For many diseases, early and accurate diagnosis is beneficial for the selection of optimized, specific and timely management decisions. The diagnostic process requires certain measurables indicating a specific biological or clinical state, so-called biomarkers. Different types of biomarkers are being tested including RNA, DNA, metabolites and proteins. Among these, proteins are more dynamic, diverse and more directly reflective of cellular physiology than nucleic acid based markers, offering high potential to serve as biomarkers for routine application. We are working on a platform for the purpose of protein biomarker discovery, where we combine specific sample preparation approaches, different mass spectrometry methods, and the analysis by computational tools.
Glycosylated proteins (glycoproteins) represent a subproteome that is particularly relevant for clinical research because they are usually found either secreted by tissues, thus representing good candidates for detection in easily accessible bodily fluids, or at the cell surface representing potential drug targets. Nearly 80% of the currently used protein biomarkers and drug targets in the clinics are glycosylated. In Aebersold lab, we are using isolation techniques for N-glycosites, such as solid phase extraction of N-linked glycopeptides (SPEG) method, to isolate the glycoproteomes from clinical plasma or tissue samples, for cancer biomarker discovery studies. Diseases of the current interest include prostate cancer, ovarian cancer, pancreatic cancer, colorectal cancer etc.
Various mass spectrometry technologies are being used for biomarker discovery, such as shotgun proteomics, SRM and SWATH-MS. We recently developed the most extensive, SWATH-ready glycopeptide spectral library available to date. It consists of 5422 definitive N-glycosites assays that identify approximately 2500 glycoproteins, covering ~50% of the annotated human N-glycoproteome, as an important community resource for perpetual use. Importantly we are now working on establishment of a novel, iterative biomarker discovery pipeline based on SWATH-MS technique.
Population-scale proteomic analysis is essential for biomarker studies and, more broadly, for personalized and precision medicine. A barcode is the representation of data that can be used to rapidly identifying a unique object.

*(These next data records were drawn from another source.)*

section \<open>Rays and integrals over them\<close>

text \<open>The star \<open>rays A = \<Union>k. omega^k A\<close>; \<open>S0 = rays [0,alpha]\<close>, \<open>S1 = rays [-b,-a]\<close>.\<close>
definition rays :: "real set \<Rightarrow> complex set" where
  "rays A = {omega ^ k * complex_of_real x | k x. x \<in> A}"

text \<open>The line integral over \<open>rays A\<close> against the weight \<open>s\<close> (extended by
  \<open>s(omega z) = omega^2 s(z)\<close>), written with the weight cut off outside \<open>A\<close>.\<close>
definition ray_int :: "real set \<Rightarrow> (real \<Rightarrow> real) \<Rightarrow> (complex \<Rightarrow> complex) \<Rightarrow> complex" where
  "ray_int A s g = (\<Sum>k<3::nat. \<integral>x. g (omega ^ k * complex_of_real x)
                        * complex_of_real (indicator A x * s x) \<partial>lborel)"

lemma ray_memberI: "x \<in> A \<Longrightarrow> omega ^ k * complex_of_real x \<in> rays A"
  unfolding rays_def by blast

lemma rays_cube: "u \<in> rays A \<Longrightarrow> \<exists>x\<in>A. u ^ 3 = complex_of_real (x ^ 3)"
  unfolding rays_def by (auto simp: cube_rotation)

text \<open>A star on the nonnegative axis and one on the negative axis are separated by cubes;
  in particular the Cauchy kernel \<open>1/(u - t)\<close> has no singularity on \<open>S0 \<times> S1\<close>.\<close>
lemma rays_cubes_differ:
  assumes "A \<subseteq> {0..}" "B \<subseteq> {..<0}" "u \<in> rays A" "t \<in> rays B"
  shows "u ^ 3 \<noteq> t ^ 3"
proof -
  obtain x y where "x \<in> A" "y \<in> B" "u^3 = complex_of_real (x^3)" "t^3 = complex_of_real (y^3)"
    using rays_cube assms(3,4) by metis
  moreover have "y ^ 3 < 0 \<and> 0 \<le> x ^ 3"
    using assms(1,2) \<open>x \<in> A\<close> \<open>y \<in> B\<close> by (auto simp: power_less_zero_eq)
  ultimately show ?thesis by (metis not_less of_real_eq_iff)
qed

lemma S0_int_eq_ray_int: "S0_int \<alpha> s1 g = ray_int {0..\<alpha>} s1 g"
  unfolding S0_int_def ray_int_def set_lebesgue_integral_def
  by (intro sum.cong refl Bochner_Integration.integral_cong) (auto simp: indicator_def)

lemma S1_int_eq_ray_int: "S1_int a b s2 g = ray_int {-b..-a} s2 g"
  unfolding S1_int_def ray_int_def set_lebesgue_integral_def
  by (intro sum.cong refl Bochner_Integration.integral_cong) (auto simp: indicator_def)

lemma f_fun_eq: "f_fun a b s2 z = z ^ 2 *
    (\<integral>y. complex_of_real (indicator {-b..-a} y * s2 y) / (z ^ 3 - complex_of_real y ^ 3) \<partial>lborel)"
  unfolding f_fun_def set_lebesgue_integral_def
  by (intro arg_cong2[where f = "(*)"] refl Bochner_Integration.integral_cong)
     (auto simp: indicator_def)

lemma ray_int_cong:
  assumes "\<And>u. u \<in> rays A \<Longrightarrow> g u = h u"
  shows "ray_int A s g = ray_int A s h"
  unfolding ray_int_def
proof (intro sum.cong refl Bochner_Integration.integral_cong)
  fix k :: nat and x :: real
  show "g (omega ^ k * complex_of_real x) * complex_of_real (indicator A x * s x)
      = h (omega ^ k * complex_of_real x) * complex_of_real (indicator A x * s x)"
    by (cases "x \<in> A") (simp_all add: assms ray_memberI)
qed

lemma ray_int_cmult: "ray_int A s (\<lambda>u. c * g u) = c * ray_int A s g"
  unfolding ray_int_def sum_distrib_left by (simp add: mult.assoc)

section \<open>Integrability and Fubini for continuous kernels\<close>

lemma integrable_closed_interval:
  assumes "set_integrable lborel {l<..<r} (s :: real \<Rightarrow> real)"
  shows "integrable lborel (\<lambda>x. indicator {l..r} x * s x)"
proof -
  have "integrable lborel (\<lambda>x. indicator {l<..<r} x * s x)"
    using assms unfolding set_integrable_def by simp
  moreover have "integrable lborel (\<lambda>x. indicator {l<..<r} x * s x) \<longleftrightarrow>
      integrable lborel (\<lambda>x. indicator {l..r} x * s x)"
    by (rule integrable_discrete_difference[where X = "{l, r}"]) (auto simp: indicator_def)
  ultimately show ?thesis by simp
qed
(* Let $A$ be an associative algebra, $M$ an $A$-bimodule, $H:A\otimes A\to M$ a Hochschild $2$-cocycle, and $\{ T_\alpha : M \to A \}_{\alpha \in \Omega}$ an $H$-twisted $\mathcal{O}$-operator family. Define on $M$ the operations $u \ast_{\alpha, \beta} v = T_\alpha (u) \cdot v + u \cdot T_\beta (v) + H (T_\alpha (u), T_\beta (v))$, and define bilinear maps $\triangleright_{\alpha,\beta}: M\otimes A\to A$, $\triangleleft_{\alpha,\beta}: A\otimes M\to A$ by $$u \triangleright_{\alpha, \beta} a := T_\alpha (u) \cdot a - T_{\alpha \beta} (u \cdot a) - T_{\alpha \beta} \big( H (T_\alpha (u), a) \big),\qquad a \triangleleft_{\alpha, \beta} u := a \cdot T_\beta (u) - T_{\alpha \beta} (a \cdot u) - T_{\alpha \beta} \big( H (a, T_\beta (u)) \big).$$ Then $(M,\{\ast_{\alpha,\beta}\}_{\alpha,\beta\in\Omega})$ is an $\Omega$-associative algebra and $(A, \{ \triangleright_{\alpha, \beta}, \triangleleft_{\alpha, \beta} \}_{\alpha, \beta \in \Omega})$ is a bimodule over it (with $\triangleright$ the left action and $\triangleleft$ the right action).
   Context: $\Omega$ is a semigroup. A Hochschild $2$-cocycle is a bilinear $H$ with $a \cdot H (b, c) - H ( a \cdot b, c)+ H (a, b \cdot c) - H (a, b) \cdot c =0$. An $H$-twisted $\mathcal{O}$-operator family: linear maps $T_\alpha:M\to A$ with $T_\alpha (u) \cdot T_\beta (v) = T_{\alpha \beta} \big( T_\alpha (u) \cdot v + u \cdot T_\beta (v) + H (T_\alpha (u), T_\beta (v)) \big)$ for all $u,v,\alpha,\beta$. An $\Omega$-associative algebra is a vector space $B$ with bilinear maps $\{\cdot_{\alpha,\beta}\}_{\alpha,\beta\in\Omega}$ with $(a \cdot_{\alpha , \beta} b) \cdot_{\alpha \beta, \gamma} c = a \cdot_{\alpha, \beta \gamma} (b \cdot_{\beta, \gamma} c)$ for all $a,b,c$, $\alpha,\beta,\gamma$. A bimodule over it is a vector space $N$ with bilinear maps $B\otimes N\to N$, $(a,n)\mapsto a\cdot_{\alpha,\beta}n$ and $N\otimes B\to N$, $(n,a)\mapsto n\cdot_{\alpha,\beta}a$ ($\alpha,\beta\in\Omega$) such that $(a \cdot_{\alpha , \beta} b) \cdot_{\alpha \beta, \gamma} n = a \cdot_{\alpha, \beta \gamma} (b \cdot_{\beta, \gamma} n)$, $(a \cdot_{\alpha , \beta} n) \cdot_{\alpha \beta, \gamma} b = a \cdot_{\alpha, \beta \gamma} (n \cdot_{\beta, \gamma} b)$, $(n \cdot_{\alpha , \beta} a) \cdot_{\alpha \beta, \gamma} b = n \cdot_{\alpha, \beta \gamma} (a \cdot_{\beta, \gamma} b)$. *)

theory Defs
  imports Main "HOL.Vector_Spaces"
begin

text \<open>Vector spaces over a field 'k are given by scalar multiplications
  (library locale vector_space); linearity is the library predicate linear.\<close>

definition bilinear_map ::
  "('k::field \<Rightarrow> 'x::ab_group_add \<Rightarrow> 'x) \<Rightarrow> ('k \<Rightarrow> 'y::ab_group_add \<Rightarrow> 'y) \<Rightarrow>
   ('k \<Rightarrow> 'z::ab_group_add \<Rightarrow> 'z) \<Rightarrow> ('x \<Rightarrow> 'y \<Rightarrow> 'z) \<Rightarrow> bool" where
  "bilinear_map sX sY sZ f \<longleftrightarrow>
     (\<forall>x. Vector_Spaces.linear sY sZ (f x)) \<and> (\<forall>y. Vector_Spaces.linear sX sZ (\<lambda>x. f x y))"

definition assoc_algebra ::
  "('k::field \<Rightarrow> 'a::ab_group_add \<Rightarrow> 'a) \<Rightarrow> ('a \<Rightarrow> 'a \<Rightarrow> 'a) \<Rightarrow> bool" where
  "assoc_algebra sA mA \<longleftrightarrow> vector_space sA \<and> bilinear_map sA sA sA mA \<and>
     (\<forall>a b c. mA (mA a b) c = mA a (mA b c))"

definition alg_bimodule ::
  "('k::field \<Rightarrow> 'a::ab_group_add \<Rightarrow> 'a) \<Rightarrow> ('a \<Rightarrow> 'a \<Rightarrow> 'a) \<Rightarrow>
   ('k \<Rightarrow> 'm::ab_group_add \<Rightarrow> 'm) \<Rightarrow> ('a \<Rightarrow> 'm \<Rightarrow> 'm) \<Rightarrow> ('m \<Rightarrow> 'a \<Rightarrow> 'm) \<Rightarrow> bool" where
  "alg_bimodule sA mA sM lM rM \<longleftrightarrow> vector_space sM \<and>
     bilinear_map sA sM sM lM \<and> bilinear_map sM sA sM rM \<and>
     (\<forall>a b u. lM (mA a b) u = lM a (lM b u)) \<and>
     (\<forall>a u b. rM (lM a u) b = lM a (rM u b)) \<and>
     (\<forall>u a b. rM (rM u a) b = rM u (mA a b))"

definition hochschild_2cocycle ::
  "('k::field \<Rightarrow> 'a::ab_group_add \<Rightarrow> 'a) \<Rightarrow> ('a \<Rightarrow> 'a \<Rightarrow> 'a) \<Rightarrow>
   ('k \<Rightarrow> 'm::ab_group_add \<Rightarrow> 'm) \<Rightarrow> ('a \<Rightarrow> 'm \<Rightarrow> 'm) \<Rightarrow> ('m \<Rightarrow> 'a \<Rightarrow> 'm) \<Rightarrow>
   ('a \<Rightarrow> 'a \<Rightarrow> 'm) \<Rightarrow> bool" where
  "hochschild_2cocycle sA mA sM lM rM H \<longleftrightarrow> bilinear_map sA sA sM H \<and>
     (\<forall>a b c. lM a (H b c) - H (mA a b) c + H a (mA b c) - rM (H a b) c = 0)"

definition twisted_O_operator_family ::
  "('k::field \<Rightarrow> 'a::ab_group_add \<Rightarrow> 'a) \<Rightarrow> ('a \<Rightarrow> 'a \<Rightarrow> 'a) \<Rightarrow>
   ('k \<Rightarrow> 'm::ab_group_add \<Rightarrow> 'm) \<Rightarrow> ('a \<Rightarrow> 'm \<Rightarrow> 'm) \<Rightarrow> ('m \<Rightarrow> 'a \<Rightarrow> 'm) \<Rightarrow>
   ('a \<Rightarrow> 'a \<Rightarrow> 'm) \<Rightarrow> ('o::semigroup_mult \<Rightarrow> 'm \<Rightarrow> 'a) \<Rightarrow> bool" where
  "twisted_O_operator_family sA mA sM lM rM H T \<longleftrightarrow>
     (\<forall>\<alpha>. Vector_Spaces.linear sM sA (T \<alpha>)) \<and>
     (\<forall>\<alpha> \<beta> u v. mA (T \<alpha> u) (T \<beta> v) =
        T (\<alpha> * \<beta>) (lM (T \<alpha> u) v + rM u (T \<beta> v) + H (T \<alpha> u) (T \<beta> v)))"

Biological samples from different species are being catalogued using DNA barcodes, however, DNA is not the ideal material to distinguish samples from the same species.
We introduce here the concept “proteome barcoding” as a new mass spectrometry based methodology for producing representative proteomic BIG DATA for population-scale biological samples. The methodology has 3 key features: 1) fast digitization of proteome; 2) minimal sample consumption and, 3) reproducible and comprehensive BIG proteomic DATA.
To implement “proteome barcoding”, we developed a method for the fast mass spectrometric conversion of small amounts of sample into a single, permanent digital file representing the quantitative proteome of the sample. The thus generated proteome maps can then be perpetually analyzed, compared and mined in silico. The method combines pressure cycling technology (PCT) and SWATH mass spectrometry. The resulting data were analyzed using software tools including OpenSWATH.
We are developing variant versions of PCT-SWATH for digitizing subproteomes including phosphoproteome and membrane proteome, and applying these methods to digitize large numbers of clinical samples and human cells in order to discover and validate protein biomarkers.